-- What this task involves --
Among the records that follow, find the line with "v \<and> chain" and the line with "text \<open>Multiplication: F". Set down those lines and all lines between them exactly, without adding anything.

-- Entries taken from a collection --
**********

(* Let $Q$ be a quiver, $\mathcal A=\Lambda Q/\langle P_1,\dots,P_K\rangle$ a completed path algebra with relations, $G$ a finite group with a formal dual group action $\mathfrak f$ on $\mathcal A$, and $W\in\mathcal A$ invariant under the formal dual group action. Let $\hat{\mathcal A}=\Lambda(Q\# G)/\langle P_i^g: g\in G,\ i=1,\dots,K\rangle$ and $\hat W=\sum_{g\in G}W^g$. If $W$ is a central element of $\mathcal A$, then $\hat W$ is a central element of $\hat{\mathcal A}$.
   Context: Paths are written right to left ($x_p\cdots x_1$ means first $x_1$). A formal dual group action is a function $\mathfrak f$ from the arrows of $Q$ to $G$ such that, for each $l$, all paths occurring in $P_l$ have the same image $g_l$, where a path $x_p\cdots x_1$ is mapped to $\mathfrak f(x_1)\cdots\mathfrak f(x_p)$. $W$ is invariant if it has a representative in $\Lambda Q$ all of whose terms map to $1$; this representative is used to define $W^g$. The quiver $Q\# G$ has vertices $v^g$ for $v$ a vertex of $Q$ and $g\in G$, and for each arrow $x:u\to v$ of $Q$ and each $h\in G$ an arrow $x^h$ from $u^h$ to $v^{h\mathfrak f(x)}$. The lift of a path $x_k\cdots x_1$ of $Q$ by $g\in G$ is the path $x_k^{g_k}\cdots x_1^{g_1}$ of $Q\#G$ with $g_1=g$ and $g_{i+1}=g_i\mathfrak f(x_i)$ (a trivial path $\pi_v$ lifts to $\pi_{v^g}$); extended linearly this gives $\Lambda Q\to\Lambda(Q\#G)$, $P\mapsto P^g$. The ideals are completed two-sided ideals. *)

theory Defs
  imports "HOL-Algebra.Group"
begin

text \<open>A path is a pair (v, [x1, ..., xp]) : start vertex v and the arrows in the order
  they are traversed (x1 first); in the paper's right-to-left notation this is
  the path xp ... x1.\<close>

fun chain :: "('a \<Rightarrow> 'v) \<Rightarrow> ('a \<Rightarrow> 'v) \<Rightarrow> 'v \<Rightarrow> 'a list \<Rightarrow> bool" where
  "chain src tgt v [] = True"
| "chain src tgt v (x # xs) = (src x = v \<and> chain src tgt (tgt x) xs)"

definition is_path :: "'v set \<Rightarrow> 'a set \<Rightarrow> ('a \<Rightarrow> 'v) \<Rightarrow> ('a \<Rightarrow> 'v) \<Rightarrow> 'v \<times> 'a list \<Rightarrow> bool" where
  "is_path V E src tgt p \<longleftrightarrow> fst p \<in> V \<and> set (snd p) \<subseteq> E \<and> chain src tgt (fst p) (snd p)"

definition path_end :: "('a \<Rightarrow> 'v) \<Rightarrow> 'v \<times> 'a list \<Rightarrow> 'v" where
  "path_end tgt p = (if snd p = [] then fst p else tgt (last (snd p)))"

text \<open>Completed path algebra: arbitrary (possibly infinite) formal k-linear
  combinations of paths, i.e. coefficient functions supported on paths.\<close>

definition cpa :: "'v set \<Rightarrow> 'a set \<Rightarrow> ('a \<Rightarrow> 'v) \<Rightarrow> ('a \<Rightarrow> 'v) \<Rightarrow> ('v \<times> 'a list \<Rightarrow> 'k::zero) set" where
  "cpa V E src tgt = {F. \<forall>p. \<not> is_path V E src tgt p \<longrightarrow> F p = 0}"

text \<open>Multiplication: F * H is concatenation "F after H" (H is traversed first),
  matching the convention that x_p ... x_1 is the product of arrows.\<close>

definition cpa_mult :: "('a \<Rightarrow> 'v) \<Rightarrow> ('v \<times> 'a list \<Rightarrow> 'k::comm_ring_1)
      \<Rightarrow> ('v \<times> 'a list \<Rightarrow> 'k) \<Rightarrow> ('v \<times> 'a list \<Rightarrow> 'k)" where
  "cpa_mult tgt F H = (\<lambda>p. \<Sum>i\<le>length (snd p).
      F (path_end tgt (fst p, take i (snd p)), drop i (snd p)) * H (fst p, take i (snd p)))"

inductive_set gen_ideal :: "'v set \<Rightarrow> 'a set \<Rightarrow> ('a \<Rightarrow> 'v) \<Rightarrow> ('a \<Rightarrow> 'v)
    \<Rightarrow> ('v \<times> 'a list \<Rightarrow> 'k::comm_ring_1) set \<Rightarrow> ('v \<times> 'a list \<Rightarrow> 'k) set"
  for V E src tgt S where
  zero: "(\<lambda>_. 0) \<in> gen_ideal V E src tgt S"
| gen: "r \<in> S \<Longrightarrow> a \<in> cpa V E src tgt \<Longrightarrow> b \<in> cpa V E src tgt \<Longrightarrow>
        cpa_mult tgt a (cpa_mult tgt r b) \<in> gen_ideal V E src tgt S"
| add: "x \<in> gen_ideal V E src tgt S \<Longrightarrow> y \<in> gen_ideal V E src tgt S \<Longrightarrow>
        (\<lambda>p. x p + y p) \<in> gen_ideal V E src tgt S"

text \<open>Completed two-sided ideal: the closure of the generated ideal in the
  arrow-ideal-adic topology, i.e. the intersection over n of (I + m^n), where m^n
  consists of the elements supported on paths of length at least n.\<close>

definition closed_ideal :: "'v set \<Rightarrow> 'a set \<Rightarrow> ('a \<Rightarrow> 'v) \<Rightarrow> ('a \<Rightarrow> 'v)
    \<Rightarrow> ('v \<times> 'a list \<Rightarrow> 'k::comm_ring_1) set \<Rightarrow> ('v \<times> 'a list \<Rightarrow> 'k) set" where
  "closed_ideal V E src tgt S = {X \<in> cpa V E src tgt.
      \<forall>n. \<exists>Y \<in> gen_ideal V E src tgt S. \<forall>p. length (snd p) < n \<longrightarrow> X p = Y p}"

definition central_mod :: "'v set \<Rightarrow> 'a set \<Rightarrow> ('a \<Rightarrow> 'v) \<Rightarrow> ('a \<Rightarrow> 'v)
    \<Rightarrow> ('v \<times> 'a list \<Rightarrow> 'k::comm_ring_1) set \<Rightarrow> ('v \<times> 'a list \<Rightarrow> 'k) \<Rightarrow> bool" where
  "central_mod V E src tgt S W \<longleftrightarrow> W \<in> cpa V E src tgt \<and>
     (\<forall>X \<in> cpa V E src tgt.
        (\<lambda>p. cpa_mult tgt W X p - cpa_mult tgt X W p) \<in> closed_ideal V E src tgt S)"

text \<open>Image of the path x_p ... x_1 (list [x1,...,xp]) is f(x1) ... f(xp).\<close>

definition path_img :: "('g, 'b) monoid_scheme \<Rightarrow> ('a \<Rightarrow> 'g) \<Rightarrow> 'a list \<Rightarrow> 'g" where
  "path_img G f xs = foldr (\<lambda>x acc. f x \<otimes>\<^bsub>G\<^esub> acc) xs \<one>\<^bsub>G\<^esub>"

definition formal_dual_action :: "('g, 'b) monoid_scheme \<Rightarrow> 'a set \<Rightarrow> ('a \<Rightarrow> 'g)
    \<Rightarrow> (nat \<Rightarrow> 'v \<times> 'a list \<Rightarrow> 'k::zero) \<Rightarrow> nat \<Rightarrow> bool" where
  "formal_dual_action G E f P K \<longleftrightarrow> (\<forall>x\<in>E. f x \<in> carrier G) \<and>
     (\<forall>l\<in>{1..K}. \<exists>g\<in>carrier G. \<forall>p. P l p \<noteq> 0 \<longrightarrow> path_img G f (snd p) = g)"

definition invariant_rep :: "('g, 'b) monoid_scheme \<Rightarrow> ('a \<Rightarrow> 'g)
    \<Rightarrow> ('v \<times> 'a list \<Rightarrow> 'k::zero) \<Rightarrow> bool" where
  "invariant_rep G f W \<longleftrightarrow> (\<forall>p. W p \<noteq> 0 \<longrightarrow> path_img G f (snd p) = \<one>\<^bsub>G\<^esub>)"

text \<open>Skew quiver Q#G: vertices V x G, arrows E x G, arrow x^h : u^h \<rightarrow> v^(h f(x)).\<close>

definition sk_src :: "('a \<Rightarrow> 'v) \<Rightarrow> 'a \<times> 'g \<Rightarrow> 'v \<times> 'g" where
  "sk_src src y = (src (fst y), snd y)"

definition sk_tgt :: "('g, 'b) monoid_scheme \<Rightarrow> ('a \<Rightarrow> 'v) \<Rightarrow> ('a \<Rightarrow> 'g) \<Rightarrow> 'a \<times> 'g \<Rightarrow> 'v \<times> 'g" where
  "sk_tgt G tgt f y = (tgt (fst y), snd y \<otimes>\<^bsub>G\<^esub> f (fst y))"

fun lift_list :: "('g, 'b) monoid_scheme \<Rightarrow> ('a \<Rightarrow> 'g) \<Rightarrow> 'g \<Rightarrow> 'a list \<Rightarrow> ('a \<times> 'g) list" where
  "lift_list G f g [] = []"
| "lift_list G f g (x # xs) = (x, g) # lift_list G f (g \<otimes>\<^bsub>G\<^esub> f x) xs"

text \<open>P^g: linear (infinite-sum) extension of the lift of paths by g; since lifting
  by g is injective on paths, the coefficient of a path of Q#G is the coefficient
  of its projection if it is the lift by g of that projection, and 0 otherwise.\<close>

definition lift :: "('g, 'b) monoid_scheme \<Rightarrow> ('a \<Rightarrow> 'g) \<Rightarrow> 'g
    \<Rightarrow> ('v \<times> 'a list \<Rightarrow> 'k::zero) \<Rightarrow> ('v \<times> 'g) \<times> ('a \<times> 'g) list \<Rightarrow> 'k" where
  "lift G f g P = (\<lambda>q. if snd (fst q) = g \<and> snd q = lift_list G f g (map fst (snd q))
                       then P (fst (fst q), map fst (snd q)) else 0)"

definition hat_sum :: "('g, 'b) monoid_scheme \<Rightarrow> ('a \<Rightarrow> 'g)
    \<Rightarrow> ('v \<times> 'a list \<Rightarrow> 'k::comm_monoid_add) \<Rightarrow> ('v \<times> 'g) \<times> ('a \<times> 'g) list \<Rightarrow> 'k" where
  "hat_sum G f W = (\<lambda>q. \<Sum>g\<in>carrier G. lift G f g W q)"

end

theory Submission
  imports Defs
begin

**********

-- Solution for this exercise --
| "chain src tgt v (x # xs) = (src x = v \<and> chain src tgt (tgt x) xs)"

definition is_path :: "'v set \<Rightarrow> 'a set \<Rightarrow> ('a \<Rightarrow> 'v) \<Rightarrow> ('a \<Rightarrow> 'v) \<Rightarrow> 'v \<times> 'a list \<Rightarrow> bool" where
  "is_path V E src tgt p \<longleftrightarrow> fst p \<in> V \<and> set (snd p) \<subseteq> E \<and> chain src tgt (fst p) (snd p)"

definition path_end :: "('a \<Rightarrow> 'v) \<Rightarrow> 'v \<times> 'a list \<Rightarrow> 'v" where
  "path_end tgt p = (if snd p = [] then fst p else tgt (last (snd p)))"

text \<open>Completed path algebra: arbitrary (possibly infinite) formal k-linear
  combinations of paths, i.e. coefficient functions supported on paths.\<close>

definition cpa :: "'v set \<Rightarrow> 'a set \<Rightarrow> ('a \<Rightarrow> 'v) \<Rightarrow> ('a \<Rightarrow> 'v) \<Rightarrow> ('v \<times> 'a list \<Rightarrow> 'k::zero) set" where
  "cpa V E src tgt = {F. \<forall>p. \<not> is_path V E src tgt p \<longrightarrow> F p = 0}"

text \<open>Multiplication: F * H is concatenation "F after H" (H is traversed first),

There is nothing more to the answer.